Yang Shi July 20, 2018, 6:13 p.m. UTC
By digging into the original review, it looks use_zero_page sysfs knob
was added to help ease-of-testing and give user a way to mitigate
refcounting overhead.

It has been a few years since the knob was added at the first place, I
think we are confident that it is stable enough. And, since commit
6fcb52a56ff60 ("thp: reduce usage of huge zero page's atomic counter"),
it looks refcounting overhead has been reduced significantly.

Other than the above, the value of the knob is always 1 (enabled by
default), I'm supposed very few people turn it off by default.

So, it sounds not worth to still keep this knob around.
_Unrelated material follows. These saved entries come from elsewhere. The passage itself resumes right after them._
section \<open>The density of \<open>K\<^sub>r\<^sub>+\<^sub>1\<close>-free extensions\<close>

lemma free_fraction_ge:
  assumes P: "in_Pnr n r \<gamma> V" and e: "e \<in> partite_compl n r V"
    and m: "1 \<le> m" "m - 1 \<le> card (partite_graph n r V)"
    and p: "0 \<le> p" "p < 1" and "0 \<le> \<gamma>" and r: "2 \<le> r"
  defines "t \<equiv> p ^ ((r + 1 choose 2) - 1)"
  shows "exp (- (((1 / real r + \<gamma>) * real n) ^ (r - 1)) * t / (1 - t))
       - binomial_lower_tail (card (partite_graph n r V)) p (m - 1)
     \<le> real (card (G_plus n r V m e \<inter> F_free n m r)) / real (card (partite_graph n r V) choose (m - 1))"
proof -
  have V: "is_partition n r V" by (rule in_Pnr_is_partition[OF P])
  obtain u v i where uv: "e = {u, v}" "u \<in> V i" "v \<in> V i" "i < r" "u \<noteq> v"
    using e unfolding partite_compl_def by blast
  define E where "E = partite_graph n r V"
  define s where "s = (r + 1 choose 2) - 1"
  define I where "I = transversals r V i"
  have finE: "finite E" unfolding E_def by (rule finite_partite_graph[OF V])
  have "finite (V j)" if "j < r" for j using finite_subset[OF is_partition_subset[OF V that]] by simp
  then have finI: "finite I" unfolding I_def transversals_def by (intro finite_PiE) auto
  have "3 * 2 \<le> (r + 1) * r" using r by (intro mult_le_mono) auto
  then have "s \<noteq> 0" unfolding s_def by (simp add: choose_two)
  then have t: "0 \<le> t" "t < 1" unfolding t_def s_def[symmetric] using p by (auto simp: power_less_one_iff)
  have "(1 - t) ^ card I = (\<Prod>f\<in>I. subset_prob p E (\<lambda>G. \<not> transversal_edges r i u v f \<subseteq> G))"
  proof (subst prod.cong)
    fix f assume "f \<in> I"
    then have "transversal_edges r i u v f \<subseteq> E" "card (transversal_edges r i u v f) = s"
      using transversal_edges_subset_partite_graph[OF V uv(2-5)] card_transversal_edges[OF V uv(2-5)]
      unfolding I_def E_def s_def by auto
    then show "subset_prob p E (\<lambda>G. \<not> transversal_edges r i u v f \<subseteq> G) = 1 - t"
      unfolding subset_prob_Not[OF finE] t_def s_def[symmetric] by (simp add: subset_prob_superset[OF finE])
  qed simp_all
  also have "\<dots> \<le> subset_prob p E (avoids_transversals r V i u v)"
    unfolding avoids_transversals_def I_def[symmetric]
    using p by (intro harris_inequality_prod[OF finE _ _ finI]) (auto simp: down_closed_def)
  also have "\<dots> \<le> binomial_lower_tail (card E) p (m - 1) + slice_density E (avoids_transversals r V i u v) (m - 1)"
    using m p unfolding E_def
    by (intro subset_prob_le_tail_plus_slice_density finite_partite_graph[OF V] down_closed_avoids_transversals) auto
  also have "slice_density E (avoids_transversals r V i u v) (m - 1)
      \<le> real (card (G_plus n r V m e \<inter> F_free n m r)) / real (card E choose (m - 1))"
    unfolding slice_density_def E_def uv(1)
    using slice_count_avoids_transversals_le[OF V uv(2-5) m(1)] by (simp add: divide_right_mono)
  finally have "(1 - t) ^ card I - binomial_lower_tail (card E) p (m - 1)
      \<le> real (card (G_plus n r V m e \<inter> F_free n m r)) / real (card E choose (m - 1))"
    by simp
  moreover have "exp (- (((1 / real r + \<gamma>) * real n) ^ (r - 1)) * t / (1 - t)) \<le> (1 - t) ^ card I"
  proof -
    have "real (card I) \<le> ((1 / real r + \<gamma>) * real n) ^ (r - 1)"
      unfolding I_def by (rule card_transversals_le[OF P uv(4)])
    then have "exp (- (((1 / real r + \<gamma>) * real n) ^ (r - 1)) * t / (1 - t)) \<le> exp (- real (card I) * t / (1 - t))"
      using t by (simp add: divide_right_mono mult_right_mono)
    also have "\<dots> \<le> (1 - t) ^ card I" by (rule exp_le_one_minus_power[OF t])
    finally show ?thesis .
  qed
  ultimately show ?thesis unfolding E_def by linarith
qed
Cc: Kirill A. Shutemov <kirill@shutemov.name>
Cc: Hugh Dickins <hughd@google.com>
Cc: David Rientjes <rientjes@google.com>
Cc: Aaron Lu <aaron.lu@intel.com>
Cc: Andrew Morton <akpm@linux-foundation.org>
Signed-off-by: Yang Shi <yang.shi@linux.alibaba.com>
---
 Documentation/admin-guide/mm/transhuge.rst |  7 -------
 include/linux/huge_mm.h                    |  4 ----
 mm/huge_memory.c                           | 22 ++--------------------
 3 files changed, 2 insertions(+), 31 deletions(-)

Comments

Andrew Morton July 20, 2018, 7:32 p.m. UTC | #1
On Sat, 21 Jul 2018 02:13:50 +0800 Yang Shi <yang.shi@linux.alibaba.com> wrote:

> By digging into the original review, it looks use_zero_page sysfs knob
> was added to help ease-of-testing and give user a way to mitigate
> refcounting overhead.
> 
> It has been a few years since the knob was added at the first place, I
> think we are confident that it is stable enough. And, since commit
> 6fcb52a56ff60 ("thp: reduce usage of huge zero page's atomic counter"),
> it looks refcounting overhead has been reduced significantly.
> 
> Other than the above, the value of the knob is always 1 (enabled by
> default), I'm supposed very few people turn it off by default.
> 
> So, it sounds not worth to still keep this knob around.

Probably OK.  Might not be OK, nobody knows.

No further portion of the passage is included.